На третьи сутки батальон Сироты вышел к Малкинскому ущелью, склоны которого поросли густым сосновым лесом. Кое-где среди деревьев возвышались причудливые скалы, похожие на средневековые замки. На одной из полян наткнулись на нарзанный источник, вокруг которого сохранились развалины древних построек, тропы были выложены каменными плитами.

На этой поляне решили сделать привал. Голодные дети набросились на спелый дикий крыжовник, но неожиданно из-за хребта вынырнули немецкие самолеты. В ущелье посыпались бомбы. Бойцы прижимали детей к скалам, прикрывая их своими телами. Самолеты делали заход за заходом. Взрывы бомб сотрясали горы. Но и после того, как улетели самолеты, в ущелье долго не смолкал грохот — с крутых откосов рушились камни.

Наскоро хоронили погибших. Стонали раненые. Ольга металась от одного раненого к другому, пытаясь хоть как-то помочь.
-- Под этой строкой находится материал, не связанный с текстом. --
theorem proposition5:
  fixes sX :: "'f::field \<Rightarrow> 'x::ab_group_add \<Rightarrow> 'x"
    and sU :: "'f \<Rightarrow> 'u::ab_group_add \<Rightarrow> 'u"
    and bX :: "'x set" and bU :: "'u set"
    and A :: "'x \<Rightarrow> 'x" and B :: "'u \<Rightarrow> 'x"
    and g :: "'x \<Rightarrow> real"
    and r T :: nat and Xs :: "nat \<Rightarrow> 'x set" and V :: "'u set"
  assumes fdX: "finite_dimensional_vector_space sX bX"
    and fdU: "finite_dimensional_vector_space sU bU"
    and linA: "Vector_Spaces.linear sX sX A"
    and linB: "Vector_Spaces.linear sU sX B"
    and injB: "inj B"
    and g_zero: "\<forall>x. g x = 0 \<longleftrightarrow> x = 0"
    and dec: "decomp_over sX A r Xs"
    and gsep: "separable_cost {1..r} Xs g"
    and Tpos: "T > 0"
    and attained_full: "\<forall>x. \<exists>u. optimal A B UNIV g T x u"
    and attained_sub: "\<forall>i\<in>{1..r}. \<forall>x\<in>Xs i. \<exists>u. optimal A B (Eset B (Xs i)) g T x u"
    and V_sub: "module.subspace sU V"
    and V_span: "\<forall>u. \<exists>e v. (\<forall>i\<in>{1..r}. e i \<in> Eset B (Xs i)) \<and> v \<in> V \<and> u = (\<Sum>i\<in>{1..r}. e i) + v"
    and V_indep: "\<forall>e v. (\<forall>i\<in>{1..r}. e i \<in> Eset B (Xs i)) \<and> v \<in> V \<and> (\<Sum>i\<in>{1..r}. e i) + v = 0
                    \<longrightarrow> v = 0"
    and pdec: "is_problem_decomp A B g T {1..r} Xs"
  shows "range A \<inter> B ` V = {0}"
proof -
  have "additive A" "additive B"
    using linA linB unfolding Vector_Spaces.linear_iff additive_def by blast+
  note A0 = additive.zero[OF \<open>additive A\<close>] and B0 = additive.zero[OF \<open>additive B\<close>]
  have "module sX" "module sU"
    using fdX fdU by (simp_all add: finite_dimensional_vector_space_def module_iff_vector_space)
  have ds: "direct_sum_decomp sX {1..r} Xs" using dec unfolding decomp_over_def by blast
  have "y = 0" if y: "y \<in> range A" "y \<in> B ` V" for y
  proof -
    obtain x v where "v \<in> V" "y = A x" "A x = B v" using y by auto
    have "A x + B (- v) = 0" using \<open>A x = B v\<close> additive.minus[OF \<open>additive B\<close>] by simp
    then obtain e where e: "\<forall>i\<in>{1..r}. e i \<in> Eset B (Xs i)" "A x + B (\<Sum>i\<in>{1..r}. e i) = 0"
      by (rule problem_decomp_steers_to_zero[OF \<open>module sX\<close> ds \<open>additive A\<close> \<open>additive B\<close>
            gsep g_zero[rule_format] Tpos attained_full[rule_format] attained_sub pdec])
    have "B ((\<Sum>i\<in>{1..r}. e i) + v) = A x + B (\<Sum>i\<in>{1..r}. e i)"
      using \<open>A x = B v\<close> additive.add[OF \<open>additive B\<close>] by (simp add: add.commute)
    then have "B ((\<Sum>i\<in>{1..r}. e i) + v) = B 0" using e(2) B0 by simp
    then have "(\<Sum>i\<in>{1..r}. e i) + v = 0" by (rule injD[OF injB])
    then have "v = 0" using V_indep[rule_format, of e v] e(1) \<open>v \<in> V\<close> by blast
    then show "y = 0" using \<open>y = A x\<close> \<open>A x = B v\<close> B0 by simp
  qed
  then have "range A \<inter> B ` V \<subseteq> {0}" by blast
  moreover have "A 0 \<in> range A" "B 0 \<in> B ` V"
    using module.subspace_0[OF \<open>module sU\<close> V_sub] by auto
  ultimately show ?thesis using A0 B0 by auto
qed

end
text \<open>
  Write r for the rank of M and N = M^(r-1). The hyperplanes of N are the rank-(r-2) flats
  of M, so every set in Knuth's initial family has M-rank r-1; and two sets whose intersection
  has N-rank r-1 both lie in the closure of that intersection, so their union again has M-rank
  r-1. In a final family every set X is (r-2)-closed: a set Y \<subseteq> X of size at most r-2
  extends inside X to an independent (r-1)-set J = I + e with Y \<subseteq> cl(I), and the final set
  containing cl(I) + e meets X in rank r-1, hence is X. Every U_H lies in a final set (directly
  if |U_H| \<ge> r, and via cl(U_H - u) + u when U_H is an independent (r-1)-set), which therefore
  contains cl_(r-2)(U_H) = H and, having rank r-1, equals H. So Knuth's procedure returns the
  hyperplanes of M, and a matroid is determined by its truncation together with its hyperplanes.
\<close>

section \<open>Rank and closure\<close>

locale finite_matroid =
  fixes M :: "'a matroid"
  assumes matroid: "matroid M"
begin

lemma finite_ground: "finite (fst M)"
  using matroid by (simp add: matroid_def)

lemma empty_indep: "{} \<in> snd M"
  using matroid by (simp add: matroid_def)

lemma indep_subset_ground: "I \<in> snd M \<Longrightarrow> I \<subseteq> fst M"
  using matroid by (auto simp: matroid_def)

lemma indep_subset: "J \<in> snd M \<Longrightarrow> I \<subseteq> J \<Longrightarrow> I \<in> snd M"
  using matroid unfolding matroid_def by blast

lemma indep_augment:
  "I \<in> snd M \<Longrightarrow> J \<in> snd M \<Longrightarrow> card I < card J \<Longrightarrow> \<exists>e\<in>J - I. insert e I \<in> snd M"
  using matroid unfolding matroid_def by blast

lemma indep_finite: "I \<in> snd M \<Longrightarrow> finite I"
  using finite_subset[OF indep_subset_ground finite_ground] .

lemma finite_indep_subsets: "finite {I \<in> snd M. I \<subseteq> X}"
  by (rule finite_subset[of _ "Pow (fst M)"]) (auto dest: indep_subset_ground simp: finite_ground)

lemma card_le_rk: "J \<in> snd M \<Longrightarrow> J \<subseteq> X \<Longrightarrow> card J \<le> rk M X"
  unfolding rk_def by (rule Max_ge) (use finite_indep_subsets in auto)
— Надо спешить, Ольга Андреевна, — торопил ее капитан Сирота. — Ведь опять налетят, гады.

— Как можно идти? Вы посмотрите, сколько раненых. Бойцы терпят, а дети!.. Боже мой, может, вот так же где-то и мой Ванюшка!.. Да что же это делается!

— Но как вы им поможете? У нас даже бинтов нет.

— Бойцы снимут нижние рубашки. Будем вываривать их в кипятке и делать бинты.

Под деревьями прямо на траве расстелили плащ-палатки, шинели. Ольге помогала Лейла. Раненые дети и бойцы сидели и лежали, ожидая очереди. То и дело раздавались детские стоны: «Тетенька, пить! Тетенька, помоги! Тетенька, больно!»

Кусая губы, с трудом держась на ногах, Ольга делала перевязки, удаляла осколки.

На повозку уложили тяжелораненых и двинулись в путь. Бойцы выбивались из сил. Дети были голодны, но никто не просил есть. Притихшие, испуганные, они по-взрослому серьезно смотрели на происходящее..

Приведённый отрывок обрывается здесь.